GR L 22050; (June, 1968) (Digest)
G.R. No. L-22050 June 13, 1968
PAN PACIFIC COMPANY (PHILIPPINES), plaintiff-appellee, vs. PHILIPPINE ADVERTISING CORPORATION and JOHN W. MEARS, defendants, PHILIPPINE ADVERTISING CORPORATION, defendant-appellant.
FACTS
The plaintiff, Pan Pacific Company (Philippines), distributor of Brunswick-Balke-Collender Company, entered into agreements with the defendant Philippine Advertising Corporation, through its president John W. Mears, for the supply and installation of bowling alleys. The first agreement (Exhibit A) was a firm quotation for twelve (12) bowling alleys at P85,948.42, explicitly stating it did not include freight charges for accessories from the U.S. The second agreement (Exhibit D) was a tentative quotation for six (6) additional alleys at P48,107.24, subject to price adjustments and also excluding freight charges, and specifying that any luxury or additional sales tax imposed would be for the defendant’s account. The plaintiff sought to recover an unpaid balance of P92,406.73 under the first cause of action for these alleys, which sum included added charges for inland freight, ocean freight, arrastre, and sales tax. The defendant corporation denied liability, contending that these additional charges should be deemed included in the quoted price, that eight installed alleys were second-hand and of lower quality than ordered, and that the installations were defective. The trial court ruled in favor of the plaintiff, awarding the claimed amounts, moral and exemplary damages, and attorney’s fees.
ISSUE
The primary issue is whether the defendant Philippine Advertising Corporation is liable to pay the plaintiff the additional charges for inland freight, ocean freight, arrastre, and sales tax over the quoted prices for the bowling alleys, and whether the awards for damages and attorney’s fees are proper.
RULING
The Supreme Court affirmed the decision of the Court of First Instance of Manila. It held that the defendant is liable for the additional charges. The agreements (Exhibits A and D) explicitly stated that the quoted prices did not include freight charges for accessories ordered from the United States, and Exhibit D specifically placed any additional sales tax on the defendant. The Court found the plaintiff’s interpretation—that “accessories” included all parts of the bowling alley—to be consistent with the understanding of the parties. The Court rejected the defendant’s claims regarding second-hand alleys and defective installation for lack of sufficient evidence.

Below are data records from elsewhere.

lemma norm_laplace_moment_remainder_le:
  assumes z0: "z0 \<in> laplace_roc M X" and e: "0 < e" and s: "Re z0 + 2 * e \<le> Re s"
    and h: "norm h \<le> e"
  shows "norm (laplace_moment M X k (s + h) - laplace_moment M X k s - h * laplace_moment M X (Suc k) s)
    \<le> norm h ^ 2 * (fact (k + 2) / e ^ (k + 2) * (LINT \<omega>|M. norm (exp (- z0 * X \<omega>))))"
proof -
  have "Re z0 < Re (s + h)" "Re z0 < Re s"
    using abs_Re_le_cmod[of h] e s h by auto
  note ints = integrable_laplace_moment[OF z0 this(1), of k]
    integrable_laplace_moment[OF z0 this(2), of k] integrable_laplace_moment[OF z0 this(2), of "Suc k"]
  define R where "R \<omega> = (- X \<omega>) ^ k * exp (- (s + h) * X \<omega>) - (- X \<omega>) ^ k * exp (- s * X \<omega>)
      - h * ((- X \<omega>) ^ Suc k * exp (- s * X \<omega>))" for \<omega>
  have "norm (laplace_moment M X k (s + h) - laplace_moment M X k s - h * laplace_moment M X (Suc k) s)
      = norm (LINT \<omega>|M. R \<omega>)"
    using ints by (simp add: laplace_moment_def R_def)
  also have "\<dots> \<le> (LINT \<omega>|M. norm (R \<omega>))"
    by (rule integral_norm_bound)
  also have "\<dots> \<le> (LINT \<omega>|M. norm h ^ 2 * (fact (k + 2) / e ^ (k + 2) * norm (exp (- z0 * X \<omega>))))"
  proof (rule integral_mono)
    show "integrable M (\<lambda>\<omega>. norm (R \<omega>))"
      using ints unfolding R_def by (intro Bochner_Integration.integrable_norm) auto
    show "integrable M (\<lambda>\<omega>. norm h ^ 2 * (fact (k + 2) / e ^ (k + 2) * norm (exp (- z0 * X \<omega>))))"
      using z0 unfolding laplace_roc_def
      by (intro Bochner_Integration.integrable_mult_right Bochner_Integration.integrable_norm) simp
    show "norm (R \<omega>) \<le> norm h ^ 2 * (fact (k + 2) / e ^ (k + 2) * norm (exp (- z0 * X \<omega>)))"
      if "\<omega> \<in> space M" for \<omega>
      unfolding R_def using nonneg that e h s by (intro norm_moment_integrand_remainder_le) auto
  qed
  also have "\<dots> = norm h ^ 2 * (fact (k + 2) / e ^ (k + 2) * (LINT \<omega>|M. norm (exp (- z0 * X \<omega>))))"
    by simp
  finally show ?thesis .
qed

Furthermore, the Court upheld the award of moral and exemplary damages and attorney’s fees, finding that the defendant acted in gross and evident bad faith, wantonly and oppressively refusing to pay its just obligation despite deriving lucrative income from the alleys, and that the defendant’s president demonstrated arrogance and discourtesy. The awards were deemed proper under Article 2208 of the New Civil Code.